[Input data — start]

lemma eq_opt_set_sum_ge:
  assumes "(\<lambda>_. 0) \<in> util_set n mu v" "s \<in> eq_opt_set n mu v \<beta>"
  shows "\<beta> * sqrt (disp n s) \<le> (\<Sum>i\<in>{1..n}. s i)"
proof -
  have "F_eq n \<beta> (\<lambda>_. 0) \<le> F_eq n \<beta> s"
    using assms unfolding eq_opt_set_def by blast
  then show ?thesis unfolding F_eq_def disp_def by simp
qed

lemma welfare_pos_exponent:
  "0 < \<alpha> \<Longrightarrow> welfare n \<alpha> u = ereal (\<Sum>i\<in>{1..n}. u i powr \<alpha>)"
  unfolding welfare_def psi_def by simp

lemma welfare_nonpos_exponent_at_zero:
  assumes "\<alpha> \<le> 0" "i \<in> {1..n}" "u i = 0"
  shows "welfare n \<alpha> u = -\<infinity>"
proof -
  have "psi x \<alpha> \<noteq> \<infinity>" for x unfolding psi_def by auto
  then have "(\<Sum>j\<in>{1..n} - {i}. psi (u j) \<alpha>) \<noteq> \<infinity>"
    by (simp add: sum_Pinfty)
  moreover have "psi (u i) \<alpha> = -\<infinity>" using assms unfolding psi_def by simp
  ultimately show ?thesis
    unfolding welfare_def using assms(2) by (simp add: sum.remove)
qed

lemma welfare_finite_if_pos:
  assumes "\<forall>i\<in>{1..n}. 0 < u i"
  shows "\<exists>r. welfare n \<alpha> u = ereal r"
proof -
  have "\<exists>r. psi (u i) \<alpha> = ereal r" if "i \<in> {1..n}" for i
  proof -
    have "u i \<noteq> 0" using assms that by force
    then show ?thesis unfolding psi_def by auto
  qed
  then obtain r where "\<And>i. i \<in> {1..n} \<Longrightarrow> psi (u i) \<alpha> = ereal (r i)" by metis
  then have "welfare n \<alpha> u = ereal (\<Sum>i\<in>{1..n}. r i)"
    unfolding welfare_def by simp
  then show ?thesis ..
qed

lemma exists_small_powr_gain:
  fixes \<alpha> K c :: real
  assumes "0 < \<alpha>" "\<alpha> < 1" "0 \<le> K" "0 < c"
  shows "\<exists>t. 0 < t \<and> t \<le> 1 \<and> t * K < (t * c) powr \<alpha>"
proof -
  define m where "m = min 1 (c powr \<alpha>)"
  define t where "t = (m / (K + 1)) powr (1 / (1 - \<alpha>))"
  have m: "0 < m" "m \<le> 1" "m \<le> c powr \<alpha>" using assms unfolding m_def by auto
  have t: "0 < t" "t \<le> 1" unfolding t_def using m assms by (auto intro!: powr_le1)
  have "t powr (1 - \<alpha>) = m / (K + 1)"
    unfolding t_def powr_powr using m assms by simp
  then have "t = t powr \<alpha> * (m / (K + 1))"
    using powr_add[of t \<alpha> "1 - \<alpha>"] t by simp
  then have "t * (K + 1) = t powr \<alpha> * m" using assms by (simp add: field_simps)
  also have "\<dots> \<le> t powr \<alpha> * c powr \<alpha>" using m by (intro mult_left_mono) auto
  also have "\<dots> = (t * c) powr \<alpha>" using t assms by (simp add: powr_mult)
  finally show ?thesis using t by (intro exI[of _ t]) (simp add: algebra_simps)
qed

[Input data — finish]

= What is being asked =
Please restate the whole listing word for word.

= Result of the task =
lemma eq_opt_set_sum_ge:
  assumes "(\<lambda>_. 0) \<in> util_set n mu v" "s \<in> eq_opt_set n mu v \<beta>"
  shows "\<beta> * sqrt (disp n s) \<le> (\<Sum>i\<in>{1..n}. s i)"
proof -
  have "F_eq n \<beta> (\<lambda>_. 0) \<le> F_eq n \<beta> s"
    using assms unfolding eq_opt_set_def by blast
  then show ?thesis unfolding F_eq_def disp_def by simp
qed

lemma welfare_pos_exponent:
  "0 < \<alpha> \<Longrightarrow> welfare n \<alpha> u = ereal (\<Sum>i\<in>{1..n}. u i powr \<alpha>)"
  unfolding welfare_def psi_def by simp

lemma welfare_nonpos_exponent_at_zero:
  assumes "\<alpha> \<le> 0" "i \<in> {1..n}" "u i = 0"
  shows "welfare n \<alpha> u = -\<infinity>"
proof -
  have "psi x \<alpha> \<noteq> \<infinity>" for x unfolding psi_def by auto
  then have "(\<Sum>j\<in>{1..n} - {i}. psi (u j) \<alpha>) \<noteq> \<infinity>"
    by (simp add: sum_Pinfty)
  moreover have "psi (u i) \<alpha> = -\<infinity>" using assms unfolding psi_def by simp
  ultimately show ?thesis
    unfolding welfare_def using assms(2) by (simp add: sum.remove)
qed

lemma welfare_finite_if_pos:
  assumes "\<forall>i\<in>{1..n}. 0 < u i"
  shows "\<exists>r. welfare n \<alpha> u = ereal r"
proof -
  have "\<exists>r. psi (u i) \<alpha> = ereal r" if "i \<in> {1..n}" for i
  proof -
    have "u i \<noteq> 0" using assms that by force
    then show ?thesis unfolding psi_def by auto
  qed
  then obtain r where "\<And>i. i \<in> {1..n} \<Longrightarrow> psi (u i) \<alpha> = ereal (r i)" by metis
  then have "welfare n \<alpha> u = ereal (\<Sum>i\<in>{1..n}. r i)"
    unfolding welfare_def by simp
  then show ?thesis ..
qed

lemma exists_small_powr_gain:
  fixes \<alpha> K c :: real
  assumes "0 < \<alpha>" "\<alpha> < 1" "0 \<le> K" "0 < c"
  shows "\<exists>t. 0 < t \<and> t \<le> 1 \<and> t * K < (t * c) powr \<alpha>"
proof -
  define m where "m = min 1 (c powr \<alpha>)"
  define t where "t = (m / (K + 1)) powr (1 / (1 - \<alpha>))"
  have m: "0 < m" "m \<le> 1" "m \<le> c powr \<alpha>" using assms unfolding m_def by auto
  have t: "0 < t" "t \<le> 1" unfolding t_def using m assms by (auto intro!: powr_le1)
  have "t powr (1 - \<alpha>) = m / (K + 1)"
    unfolding t_def powr_powr using m assms by simp
  then have "t = t powr \<alpha> * (m / (K + 1))"
    using powr_add[of t \<alpha> "1 - \<alpha>"] t by simp
  then have "t * (K + 1) = t powr \<alpha> * m" using assms by (simp add: field_simps)
  also have "\<dots> \<le> t powr \<alpha> * c powr \<alpha>" using m by (intro mult_left_mono) auto
  also have "\<dots> = (t * c) powr \<alpha>" using t assms by (simp add: powr_mult)
  finally show ?thesis using t by (intro exI[of _ t]) (simp add: algebra_simps)
qed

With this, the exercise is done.